Cathy, the elementary school principal, and Maria Rasmussen, one of the district’s MTSS teachers, presented a live classroom demonstration at the Paynesville Public School District board meeting to show how recent LETRS teacher training translates into everyday instruction.
“The letters training we’ve done the last three years and applying it…this is a snapshot of what that looks like in kindergarten,” Maria Rasmussen told the board as she introduced a sequence of phonemic awareness exercises. She explained that learning to read “is not a natural process” and described the instructional progression from phonological awareness to phonics, then fluency and comprehension.
The kindergarten class performed Heggerty routines — short, daily exercises that emphasize syllable segmentation, onset‑rime and phoneme manipulation — while board members observed.
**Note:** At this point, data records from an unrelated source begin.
text \<open>The hypothesis that [x y] is parallel to a segment of the unit circle only guarantees that
  two circles containing [x y] as a maximal segment exist.\<close>
theorem corollary2p1:
  fixes N :: "real^2 \<Rightarrow> real" and x y :: "real^2"
  assumes "is_norm N" and "x \<noteq> y"
  shows "(\<forall>L1 L2. is_line L1 \<and> L1 \<subseteq> bis N x y \<and> is_line L2 \<and> L2 \<subseteq> bis N x y
            \<longrightarrow> L1 = L2)
       \<and> (parallel_to_segment_of_S N x y \<longrightarrow>
           (\<forall>L c1 c2 lam1 lam2.
              is_line L \<and> L \<subseteq> bis N x y \<and>
              lam1 > 0 \<and> lam2 > 0 \<and>
              maximal_segment x y (ncircle N c1 lam1) \<and>
              maximal_segment x y (ncircle N c2 lam2) \<and>
              ncircle N c1 lam1 \<noteq> ncircle N c2 lam2
              \<longrightarrow> L = line_through c1 c2))"
proof -
  interpret normed_plane N
    by unfold_locales (rule assms(1))
  show ?thesis
  proof (intro conjI allI impI)
    show "L1 = L2" if "is_line L1 \<and> L1 \<subseteq> bis N x y \<and> is_line L2 \<and> L2 \<subseteq> bis N x y" for L1 L2
      using bis_contains_at_most_one_line[OF assms(2)] that by blast
    show "L = line_through c1 c2"
      if "is_line L \<and> L \<subseteq> bis N x y \<and> lam1 > 0 \<and> lam2 > 0 \<and>
          maximal_segment x y (ncircle N c1 lam1) \<and> maximal_segment x y (ncircle N c2 lam2) \<and>
          ncircle N c1 lam1 \<noteq> ncircle N c2 lam2" for L c1 c2 lam1 lam2
      using bis_line_eq_line_through_centers that by blast
  qed
qed

end
lemma nonpos_functions_incomparable_zero_sets_independent:
  fixes f1 f2 f3 :: "'a \<Rightarrow> real"
  assumes rel: "\<And>x. x \<in> Q \<Longrightarrow> l1 * f1 x + l2 * f2 x + l3 * f3 x = 0"
    and nonpos: "\<And>x. x \<in> Q \<Longrightarrow> f1 x \<le> 0 \<and> f2 x \<le> 0 \<and> f3 x \<le> 0"
    and "\<exists>x\<in>Q. f1 x = 0 \<and> f2 x < 0" "\<exists>x\<in>Q. f1 x = 0 \<and> f3 x < 0"
    and "\<exists>x\<in>Q. f2 x = 0 \<and> f1 x < 0" "\<exists>x\<in>Q. f2 x = 0 \<and> f3 x < 0"
    and "\<exists>x\<in>Q. f3 x = 0 \<and> f1 x < 0" "\<exists>x\<in>Q. f3 x = 0 \<and> f2 x < 0"
  shows "l1 = 0 \<and> l2 = 0 \<and> l3 = 0"
proof -
  \<comment> \<open>Evaluating at a zero of one function shows that the other two coefficients have
    opposite signs, unless both vanish; three numbers cannot pairwise have opposite signs.\<close>
  have "l2 \<noteq> 0 \<longrightarrow> l2 * l3 < 0"
    using assms(3) rel nonpos by (force intro: combination_eq_zero_imp_opposite_signs)
  moreover have "l3 \<noteq> 0 \<longrightarrow> l3 * l2 < 0"
    using assms(4) rel nonpos by (force intro: combination_eq_zero_imp_opposite_signs)
  moreover have "l1 \<noteq> 0 \<longrightarrow> l1 * l3 < 0"
    using assms(5) rel nonpos by (force intro: combination_eq_zero_imp_opposite_signs)
  moreover have "l3 \<noteq> 0 \<longrightarrow> l3 * l1 < 0"
    using assms(6) rel nonpos by (force intro: combination_eq_zero_imp_opposite_signs)
  moreover have "l1 \<noteq> 0 \<longrightarrow> l1 * l2 < 0"
    using assms(7) rel nonpos by (force intro: combination_eq_zero_imp_opposite_signs)
  moreover have "l2 \<noteq> 0 \<longrightarrow> l2 * l1 < 0"
    using assms(8) rel nonpos by (force intro: combination_eq_zero_imp_opposite_signs)
  ultimately show ?thesis
    by (auto simp: mult_less_0_iff)
qed
lemma scaled_selection_in_lp_ball:
  fixes \<zeta> :: "nat \<Rightarrow> nat \<Rightarrow> 'z::real_normed_vector"
  assumes p: "1 \<le> p" and \<zeta>: "\<And>k. \<zeta> k \<in> lp_ball p"
    and c: "\<And>k. 0 < c k" "\<And>k. c k \<le> 1" "summable c" "suminf c \<le> 1"
  shows "(\<lambda>n. c (j n) *\<^sub>R \<zeta> (j n) n) \<in> lp_ball p"
  using p
proof (cases rule: ereal_ge_one_cases)
  case 1
  have "norm (c (j n) *\<^sub>R \<zeta> (j n) n) \<le> 1" for n
    using c(1,2)[of "j n"] norm_le_one_if_lp_ball[OF p \<zeta>, of "j n" n]
    by (simp add: mult_le_one less_imp_le)
  then show ?thesis using 1 by (simp add: lp_ball_infinity_iff)
next
  case (2 P)
  have "(\<Sum>n\<le>M. norm (c (j n) *\<^sub>R \<zeta> (j n) n) powr P) \<le> 1" for M
  proof -
    let ?F = "j ` {..M}"
    have "(\<Sum>n\<le>M. norm (c (j n) *\<^sub>R \<zeta> (j n) n) powr P)
        \<le> (\<Sum>n\<le>M. \<Sum>k\<in>?F. c k * norm (\<zeta> k n) powr P)"
    proof (rule sum_mono)
      fix n assume n: "n \<in> {..M}"
      have "norm (c (j n) *\<^sub>R \<zeta> (j n) n) powr P = c (j n) powr P * norm (\<zeta> (j n) n) powr P"
        using c(1)[of "j n"] by (simp add: powr_mult)
      also have "\<dots> \<le> c (j n) * norm (\<zeta> (j n) n) powr P"
        using powr_le_one_le[OF c(1,2)] 2 by (intro mult_right_mono) auto
      also have "\<dots> \<le> (\<Sum>k\<in>?F. c k * norm (\<zeta> k n) powr P)"
        using n c(1) by (intro member_le_sum) (auto intro!: mult_nonneg_nonneg simp: less_imp_le)
      finally show "norm (c (j n) *\<^sub>R \<zeta> (j n) n) powr P \<le> (\<Sum>k\<in>?F. c k * norm (\<zeta> k n) powr P)" .
    qed
    also have "\<dots> = (\<Sum>k\<in>?F. c k * (\<Sum>n\<le>M. norm (\<zeta> k n) powr P))"
      by (simp add: sum.swap[of _ "{..M}"] sum_distrib_left)
    also have "\<dots> \<le> (\<Sum>k\<in>?F. c k)"
      using \<zeta> 2 c(1) by (intro sum_mono mult_right_le_one_le) (auto simp: lp_ball_ereal_iff less_imp_le intro!: sum_nonneg)
    also have "\<dots> \<le> suminf c"
      using c(1) by (intro sum_le_suminf c(3)) (auto intro: less_imp_le)
    finally show ?thesis using c(4) by linarith
  qed
  then show ?thesis using 2 by (simp add: lp_ball_ereal_iff)
qed
(* Let $c>0$, $0<\lambda<T_M$, and let $f\in C^2(\mathbb R)$ solve $$f''(y)-cf'(y)-f^4(y)=-\int_{-\infty}^\infty E(y-\eta)f^4(\eta)\,d\eta\ (y\in\mathbb R),\qquad 0<\lambda\le f\le T_M.$$ Then there exists $\varepsilon_0=\varepsilon_0(T_M,\lambda,c)>0$ such that for every $\varepsilon<\varepsilon_0$ there exists $L_0=L_0(\varepsilon,T_M,\lambda,c)>0$ with the property that, for every $L>L_0$, if $\operatorname{osc}_{[-L,L]}f<\varepsilon$ then $\operatorname{osc}_{[L,\infty)}f<3\varepsilon$.
   Context: $E(x)=\frac12\int_{|x|}^\infty\frac{e^{-t}}{t}dt$. For $I\subseteq\mathbb R$, $\operatorname{osc}_I f=\sup_{y_1,y_2\in I}|f(y_1)-f(y_2)|$. *)

theory Defs
  imports "HOL-Analysis.Analysis"
begin

text \<open>The kernel E(x) = 1/2 * integral from |x| to infinity of exp(-t)/t dt
  (Lebesgue integral; E(0) is the divergent value, a single point, irrelevant).\<close>
definition E :: "real \<Rightarrow> real" where
  "E x = 1/2 * (LBINT t:{\<bar>x\<bar><..}. exp (- t) / t)"

definition osc :: "real set \<Rightarrow> (real \<Rightarrow> real) \<Rightarrow> real" where
  "osc I f = Sup {\<bar>f y1 - f y2\<bar> | y1 y2. y1 \<in> I \<and> y2 \<in> I}"

definition C2 :: "(real \<Rightarrow> real) \<Rightarrow> bool" where
  "C2 f \<longleftrightarrow> (\<forall>y. f differentiable (at y)) \<and> (\<forall>y. deriv f differentiable (at y))
      \<and> continuous_on UNIV (deriv (deriv f))"

definition solves :: "real \<Rightarrow> real \<Rightarrow> real \<Rightarrow> (real \<Rightarrow> real) \<Rightarrow> bool" where
  "solves c lam TM f \<longleftrightarrow> C2 f \<and>
     (\<forall>y. deriv (deriv f) y - c * deriv f y - f y ^ 4
            = - (LINT \<eta>|lborel. E (y - \<eta>) * f \<eta> ^ 4)) \<and>
     (\<forall>y. lam \<le> f y \<and> f y \<le> TM)"

end

theory Submission
  imports Defs
begin

text \<open>Every such solution is constant, so both oscillations vanish. Write the equation as
  \<open>f'' - c f' = N y\<close> with \<open>N y = \<integral> E (y - \<eta>) (f y ^ 4 - f \<eta> ^ 4) d\<eta>\<close>, using \<open>\<integral> E = 1\<close>.
  Testing it against \<open>f - f a\<close> on \<open>[a, b]\<close> gives
  \<open>\<integral>\<^sub>a\<^sup>b f'\<^sup>2 \<le> f' b ^ 2 / (2 c) - \<integral>\<^sub>a\<^sup>b (f - f a) N\<close>. The part of \<open>N\<close> coming from \<open>\<eta> \<in> [a, b]\<close>
  contributes with a favourable sign, because \<open>E\<close> is even and \<open>t \<mapsto> t\<^sup>4\<close> is monotone; the part
  coming from outside is controlled by the exponential decay of the tails of \<open>E\<close>. Together with
  \<open>\<bar>f'\<bar> \<le> TM\<^sup>4 / c\<close> this first shows \<open>f' \<in> L\<^sup>2\<close>; pushing \<open>a\<close> and \<open>b\<close> far out, where \<open>f\<close> varies
  little over windows of fixed length, it then shows that \<open>\<integral> f'\<^sup>2\<close> is arbitrarily small.\<close>

lemma abs_power_diff_le:
  fixes u v M :: real
  assumes "0 \<le> u" "u \<le> M" "0 \<le> v" "v \<le> M"
  shows "\<bar>u ^ n - v ^ n\<bar> \<le> n * M ^ (n - 1) * \<bar>u - v\<bar>"
proof -
  have term_le: "v ^ (n - Suc i) * u ^ i \<le> M ^ (n - 1)" if "i < n" for i
  proof -
    have "v ^ (n - Suc i) * u ^ i \<le> M ^ (n - Suc i) * M ^ i"
      using assms by (intro mult_mono power_mono) auto
    also have "\<dots> = M ^ (n - 1)"
      using that by (simp add: power_add[symmetric])
    finally show ?thesis .
  qed
  have "\<bar>\<Sum>i<n. v ^ (n - Suc i) * u ^ i\<bar> = (\<Sum>i<n. v ^ (n - Suc i) * u ^ i)"
    using assms by (intro abs_of_nonneg sum_nonneg) auto
  also have "\<dots> \<le> (\<Sum>i<n. M ^ (n - 1))"
    by (intro sum_mono term_le) auto
  finally have "\<bar>\<Sum>i<n. v ^ (n - Suc i) * u ^ i\<bar> \<le> n * M ^ (n - 1)"
    by simp
  then have "\<bar>u - v\<bar> * \<bar>\<Sum>i<n. v ^ (n - Suc i) * u ^ i\<bar> \<le> \<bar>u - v\<bar> * (n * M ^ (n - 1))"
    by (intro mult_left_mono) auto
  then show ?thesis
    by (simp add: power_diff_sumr2[of u n v] abs_mult mult.commute)
qed

lemma diff_mult_power_diff_nonneg:
  fixes u v :: real
  assumes "0 \<le> u" "0 \<le> v"
  shows "0 \<le> (u - v) * (u ^ n - v ^ n)"
proof (cases "u \<le> v")
  case True
  then have "u ^ n \<le> v ^ n" using assms by (intro power_mono)
  then show ?thesis using True by (intro mult_nonpos_nonpos) auto
next
  case False
  then have "v ^ n \<le> u ^ n" using assms by (intro power_mono) auto
  then show ?thesis using False by (intro mult_nonneg_nonneg) auto
qed

lemma integral_exp_decay_from_endpoints_le:
  fixes a b :: real
  assumes "a \<le> b"
  shows "integral {a..b} (\<lambda>y. exp (- (y - a) / 2) + exp (- (b - y) / 2)) \<le> 4"
proof -
  let ?G = "\<lambda>y. - 2 * exp (- (y - a) / 2) + 2 * exp (- (b - y) / 2)"
  have "((\<lambda>y. exp (- (y - a) / 2) + exp (- (b - y) / 2)) has_integral (?G b - ?G a)) {a..b}"
  proof (rule fundamental_theorem_of_calculus[OF assms])
    fix x
    show "(?G has_vector_derivative exp (- (x - a) / 2) + exp (- (b - x) / 2)) (at x within {a..b})"
      unfolding has_real_derivative_iff_has_vector_derivative[symmetric]
      by (auto intro!: derivative_eq_intros simp: field_simps)
  qed
  then have "integral {a..b} (\<lambda>y. exp (- (y - a) / 2) + exp (- (b - y) / 2)) = 4 - 4 * exp (- (b - a) / 2)"
    by (simp add: integral_unique minus_diff_eq)
  then show ?thesis by simp
qed

lemma exists_exp_decay_le:
  fixes K d :: real
  assumes "0 < K" "0 < d"
  shows "\<exists>l\<ge>0. K * exp (- l / 2) \<le> d"
proof (intro exI conjI)
  let ?l = "2 * \<bar>ln (d / K)\<bar>"
  show "0 \<le> ?l" by simp
  have "exp (- ?l / 2) \<le> exp (ln (d / K))" by simp
  also have "\<dots> = d / K" using assms by simp
  finally show "K * exp (- ?l / 2) \<le> d"
    using assms by (simp add: le_divide_eq mult.commute)
qed

lemma lborel_integral_indicator_Icc:
  fixes g :: "real \<Rightarrow> real"
  assumes "continuous_on {a..b} g"
  shows "integrable lborel (\<lambda>y. indicator {a..b} y * g y)"
    and "(LINT y|lborel. indicator {a..b} y * g y) = integral {a..b} g"
proof -
  have g: "set_integrable lborel {a..b} g"
    by (rule borel_integrable_atLeastAtMost'[OF assms])
  then show "integrable lborel (\<lambda>y. indicator {a..b} y * g y)"
    unfolding set_integrable_def by simp
  from set_borel_integral_eq_integral(2)[OF g]
  show "(LINT y|lborel. indicator {a..b} y * g y) = integral {a..b} g"
    unfolding set_lebesgue_integral_def by simp
qed

lemma square_diff_le_integral_deriv_square:
  fixes g g' :: "real \<Rightarrow> real"
  assumes uv: "u \<le> v"
    and g: "\<And>x. x \<in> {u..v} \<Longrightarrow> (g has_real_derivative g' x) (at x within {u..v})"
    and g'_cont: "continuous_on {u..v} g'"
  shows "(g v - g u)^2 \<le> (v - u) * integral {u..v} (\<lambda>y. (g' y)^2)"
proof (cases "u = v")
  case False
  with uv have "u < v" by simp
  define m where "m = (g v - g u) / (v - u)"
  define J where "J = integral {u..v} (\<lambda>y. (g' y)^2)"
  have "((\<lambda>y. (g' y)^2) has_integral J) {u..v}"
    unfolding J_def by (intro integrable_integral integrable_continuous_interval continuous_intros g'_cont)
  moreover have "(g' has_integral (g v - g u)) {u..v}"
    using g by (intro fundamental_theorem_of_calculus[OF uv])
      (auto simp: has_real_derivative_iff_has_vector_derivative[symmetric])
  ultimately have "((\<lambda>y. (g' y)^2 - 2 * m * g' y + m^2) has_integral (J - 2 * m * (g v - g u) + (v - u) * m^2)) {u..v}"
    using has_integral_const_real[of "m^2" u v] uv
    by (intro has_integral_add has_integral_diff has_integral_mult_right) auto
  then have "0 \<le> J - 2 * m * (g v - g u) + (v - u) * m^2"
  proof (rule has_integral_nonneg)
    fix x
    have "(g' x)^2 - 2 * m * g' x + m^2 = (g' x - m)^2"
      by (simp add: power2_eq_square algebra_simps)
    then show "0 \<le> (g' x)^2 - 2 * m * g' x + m^2" by simp
  qed
  also have "\<dots> = J - (g v - g u)^2 / (v - u)"
  proof -
    have "2 * m * (g v - g u) = 2 * ((g v - g u)^2 / (v - u))"
      by (simp add: m_def power2_eq_square)
    moreover have "(v - u) * m^2 = (g v - g u)^2 / (v - u)"
      using \<open>u < v\<close> by (simp add: m_def power2_eq_square)
    ultimately show ?thesis by simp
  qed
  finally show ?thesis
    using \<open>u < v\<close> by (simp add: J_def field_simps)
qed simp

lemma mono_bounded_eventually_small_increment:
  fixes F :: "real \<Rightarrow> real"
  assumes mono: "\<And>x y. 0 \<le> x \<Longrightarrow> x \<le> y \<Longrightarrow> F x \<le> F y"
    and bounded: "\<And>x. 0 \<le> x \<Longrightarrow> F x \<le> K" and "0 < \<epsilon>"
  shows "\<exists>R\<ge>0. \<forall>x\<ge>R. F x - F R \<le> \<epsilon>"
proof -
  define S where "S = Sup (F ` {0..})"
  have bdd: "bdd_above (F ` {0..})"
    using bounded by (auto intro!: bdd_aboveI2)
  obtain R where R: "R \<in> {0..}" "S - \<epsilon> < F R"
    using less_cSupD[of "F ` {0..}" "S - \<epsilon>"] \<open>0 < \<epsilon>\<close> unfolding S_def by auto
  have "F x \<le> S" if "x \<ge> R" for x
    unfolding S_def using R(1) that by (intro cSup_upper bdd) auto
  then show ?thesis using R by force
qed
theorem theorem7:
  fixes P :: "point set" and M Mstar :: "point set set"
  assumes "finite P" and "even (card P)"
    and "local_max_matching 2 P M"
    and "max_matching P Mstar"
  shows "wt M \<ge> sqrt (3/7) * wt Mstar"
proof -
  have M: "perfect_matching P M" and Mstar: "perfect_matching P Mstar"
    using assms(3,4) by (simp_all add: local_max_matching_def max_matching_def)
  obtain z where z: "\<And>a b. {a, b} \<in> M \<Longrightarrow> dist z (midpoint a b) ^ 2 \<le> dist a b ^ 2 / 3"
    using local_max_matching_2_common_point[OF assms(1,3)] by blast
  have "wt Mstar \<le> (\<Sum>x\<in>P. dist x z)"
    using Mstar by (rule wt_le_sum_dist)
  also have "\<dots> = (\<Sum>e\<in>M. \<Sum>x\<in>e. dist x z)"
    using M by (rule sum_over_perfect_matching)
  also have "\<dots> \<le> (\<Sum>e\<in>M. sqrt (7/3) * seg_len e)"
  proof (rule sum_mono)
    fix e assume "e \<in> M"
    then obtain a b where "a \<noteq> b" "e = {a, b}"
      using M unfolding perfect_matching_def by blast
    then show "(\<Sum>x\<in>e. dist x z) \<le> sqrt (7/3) * seg_len e"
      using dist_add_dist_le_near_midpoint[OF z] \<open>e \<in> M\<close> by simp
  qed
  also have "\<dots> = sqrt (7/3) * wt M"
    by (simp add: wt_def sum_distrib_left)
  finally have "sqrt (3/7) * wt Mstar \<le> sqrt (3/7) * sqrt (7/3) * wt M"
    by (simp add: mult.assoc mult_left_mono)
  also have "\<dots> = wt M"
    by (simp flip: real_sqrt_mult)
  finally show ?thesis .
qed

end
(* Let $\lvert\psi\rangle$ be an $n$-qubit state. Suppose the fidelity $\lvert\langle\psi|\phi\rangle\rvert^2$ is maximized by $\lvert\phi\rangle = \lvert0^n\rangle$ over stabilizer states $\lvert\phi\rangle$. Let $S^* = 0^n \times \mathbb F_2^n = \mathrm{Weyl}(\lvert0^n\rangle)$, and let $T = 0^{n + 1} \times \mathbb F_2^{n - 1}$ be a maximal subspace. Then \[\sum_{x \in S^* \setminus T}q_\psi(x) \geq \frac{2-\sqrt{3}}{2} F_\mathcal{S}(\lvert\psi\rangle)^4.\]
   Context: For $x=(a,b)\in\mathbb F_2^{2n}$ the Weyl operator is $W_x = i^{a\cdot b}X^{a_1}Z^{b_1}\otimes\cdots\otimes X^{a_n}Z^{b_n}$; $p_\psi(x)=2^{-n}\langle\psi|W_x|\psi\rangle^2$ and $q_\psi(x)=\sum_{y\in\mathbb F_2^{2n}}p_\psi(y)p_\psi(x+y)$ (the distribution produced by Bell difference sampling); $\mathrm{Weyl}(\lvert\phi\rangle)=\{x: W_x\lvert\phi\rangle=\pm\lvert\phi\rangle\}$; $F_\mathcal{S}(\lvert\psi\rangle)=\max_{\lvert\phi\rangle\text{ stabilizer}}\lvert\langle\phi|\psi\rangle\rvert^2$. *)

theory Defs
  imports Complex_Main
begin

text \<open>Bit strings in F_2^n are functions nat => bool vanishing at indices >= n.
  Qubit k (1-based in the paper) is index k-1 here. An n-qubit state is a function
  from bit strings to complex amplitudes (only values on bitvecs n matter).\<close>

definition bitvecs :: "nat \<Rightarrow> (nat \<Rightarrow> bool) set" where
  "bitvecs n = {a. \<forall>i. n \<le> i \<longrightarrow> \<not> a i}"

definition xorv :: "(nat \<Rightarrow> bool) \<Rightarrow> (nat \<Rightarrow> bool) \<Rightarrow> (nat \<Rightarrow> bool)" where
  "xorv a b = (\<lambda>i. a i \<noteq> b i)"

definition zerov :: "nat \<Rightarrow> bool" where
  "zerov = (\<lambda>_. False)"

definition dotn :: "nat \<Rightarrow> (nat \<Rightarrow> bool) \<Rightarrow> (nat \<Rightarrow> bool) \<Rightarrow> nat" where
  "dotn n a b = card {i. i < n \<and> a i \<and> b i}"

definition pts :: "nat \<Rightarrow> ((nat \<Rightarrow> bool) \<times> (nat \<Rightarrow> bool)) set" where
  "pts n = bitvecs n \<times> bitvecs n"

definition addp :: "(nat \<Rightarrow> bool) \<times> (nat \<Rightarrow> bool) \<Rightarrow> (nat \<Rightarrow> bool) \<times> (nat \<Rightarrow> bool)
    \<Rightarrow> (nat \<Rightarrow> bool) \<times> (nat \<Rightarrow> bool)" where
  "addp x y = (xorv (fst x) (fst y), xorv (snd x) (snd y))"

text \<open>Weyl operator W_(a,b) = i^(a.b) X^(a_1)Z^(b_1) (x) ... (x) X^(a_n)Z^(b_n) applied to psi:
  (X^a Z^b psi)(w) = (-1)^(b.(w+a)) psi(w+a).\<close>
definition weyl_op :: "nat \<Rightarrow> (nat \<Rightarrow> bool) \<times> (nat \<Rightarrow> bool) \<Rightarrow> ((nat \<Rightarrow> bool) \<Rightarrow> complex)
    \<Rightarrow> ((nat \<Rightarrow> bool) \<Rightarrow> complex)" where
  "weyl_op n x psi = (\<lambda>w. \<i> ^ (dotn n (fst x) (snd x))
      * (-1) ^ (dotn n (snd x) (xorv w (fst x))) * psi (xorv w (fst x)))"

definition braket :: "nat \<Rightarrow> ((nat \<Rightarrow> bool) \<Rightarrow> complex) \<Rightarrow> ((nat \<Rightarrow> bool) \<Rightarrow> complex) \<Rightarrow> complex" where
  "braket n phi psi = (\<Sum>z\<in>bitvecs n. cnj (phi z) * psi z)"

definition is_state :: "nat \<Rightarrow> ((nat \<Rightarrow> bool) \<Rightarrow> complex) \<Rightarrow> bool" where
  "is_state n psi \<longleftrightarrow> braket n psi psi = 1"

definition Weyl :: "nat \<Rightarrow> ((nat \<Rightarrow> bool) \<Rightarrow> complex) \<Rightarrow> ((nat \<Rightarrow> bool) \<times> (nat \<Rightarrow> bool)) set" where
  "Weyl n phi = {x \<in> pts n. (\<forall>w\<in>bitvecs n. weyl_op n x phi w = phi w)
                          \<or> (\<forall>w\<in>bitvecs n. weyl_op n x phi w = - phi w)}"

text \<open>Stabilizer state: a unit vector stabilized (up to sign) by 2^n Weyl operators,
  i.e. the unique (up to phase) joint eigenvector of a maximal stabilizer group.\<close>
definition is_stabilizer :: "nat \<Rightarrow> ((nat \<Rightarrow> bool) \<Rightarrow> complex) \<Rightarrow> bool" where
  "is_stabilizer n phi \<longleftrightarrow> is_state n phi \<and> card (Weyl n phi) = 2 ^ n"

text \<open>p_psi(x) = 2^(-n) <psi|W_x|psi>^2 (a real number since W_x is Hermitian).\<close>
definition p_dist :: "nat \<Rightarrow> ((nat \<Rightarrow> bool) \<Rightarrow> complex) \<Rightarrow> (nat \<Rightarrow> bool) \<times> (nat \<Rightarrow> bool) \<Rightarrow> real" where
  "p_dist n psi x = Re ((braket n psi (weyl_op n x psi)) ^ 2) / 2 ^ n"

definition q_dist :: "nat \<Rightarrow> ((nat \<Rightarrow> bool) \<Rightarrow> complex) \<Rightarrow> (nat \<Rightarrow> bool) \<times> (nat \<Rightarrow> bool) \<Rightarrow> real" where
  "q_dist n psi x = (\<Sum>y\<in>pts n. p_dist n psi y * p_dist n psi (addp x y))"

definition stab_fidelity :: "nat \<Rightarrow> ((nat \<Rightarrow> bool) \<Rightarrow> complex) \<Rightarrow> real" where
  "stab_fidelity n psi = (SUP phi\<in>{phi. is_stabilizer n phi}. (cmod (braket n phi psi))\<^sup>2)"

definition ket0 :: "(nat \<Rightarrow> bool) \<Rightarrow> complex" where
  "ket0 = (\<lambda>z. if z = zerov then 1 else 0)"

end

theory Submission
  imports Defs "HOL-Analysis.Convex"
begin

(* Write a = |psi(0^n)|^2 and b = |psi(10^(n-1))|^2.
   The stabilizer states (|0^n> + w|10^(n-1)>)/sqrt 2, w in {1, -1, i, -i}, have fidelity
   |psi(0^n) + conj w psi(10^(n-1))|^2 / 2 <= a with psi; these four constraints give b <= a and
   2ab <= (a - b)^2, i.e. b <= (2 - sqrt 3) a.  Also F_S(psi) <= a.
   For a coset C of a subspace H, Bell difference sampling satisfies q(C) >= p(H) p(C); here
   H = T and C = S* - T.  On 0^n x F_2^n, p is the squared Fourier transform of the measurement
   distribution |psi(z)|^2, whose sums over the two cosets of T are |coset| (a +- b), so by
   Cauchy-Schwarz p(T) >= (a + b)^2/2 and p(S* - T) >= (a - b)^2/2.  Finally
   (a + b)^2 (a - b)^2 / 4 >= (2 - sqrt 3)/2 a^4. *)

definition unitv :: "nat \<Rightarrow> nat \<Rightarrow> bool" where
  "unitv j = (\<lambda>i. i = j)"

lemma finite_bitvecs: "finite (bitvecs n)"
proof -
  have "bitvecs n \<subseteq> (\<lambda>S i. i \<in> S) ` Pow {..<n}"
  proof
    fix c assume "c \<in> bitvecs n"
    then have "c = (\<lambda>i. i \<in> {i. c i})" "{i. c i} \<in> Pow {..<n}"
      by (auto simp: bitvecs_def not_le[symmetric])
    then show "c \<in> (\<lambda>S i. i \<in> S) ` Pow {..<n}" by blast
  qed
  then show ?thesis by (rule finite_subset) auto
qed

lemma finite_pts: "finite (pts n)"
  by (simp add: pts_def finite_bitvecs)

lemma card_bitvecs: "card (bitvecs n) = 2 ^ n"
proof -
  have "bij_betw (\<lambda>c. {i. c i}) (bitvecs n) (Pow {..<n})"
    by (rule bij_betw_byWitness[where f' = "\<lambda>S i. i \<in> S"])
       (auto simp: bitvecs_def not_le[symmetric])
  then show ?thesis by (simp add: bij_betw_same_card card_Pow)
qed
The activities included vowel and consonant sound drills, blending practice and substitution exercises such as turning “set” into “sit” by changing the middle sound, demonstrating how teachers build students’ ability to hear and manipulate sounds.
Cathy framed the demonstration as part of a broader effort to implement the Minnesota Read Act and continue multi‑tiered supports. She thanked staff and noted the district will start a second LETRS cohort next year to train more teachers, saying, “behind every student success story is a staff member who championed for that student.”
District leaders described the classroom activity as an example of how sustained teacher training feeds classroom practice: teacher manuals from the two‑year LETRS sequence were displayed for board members, and staff members said the work is intended to make decoding automatic so students can focus on comprehension as they advance.
The demonstration concluded with the principal and MTSS staff dismissing the class and thanking the board for the opportunity to show instruction in action. The board’s communications period then moved on to other end‑of‑year updates.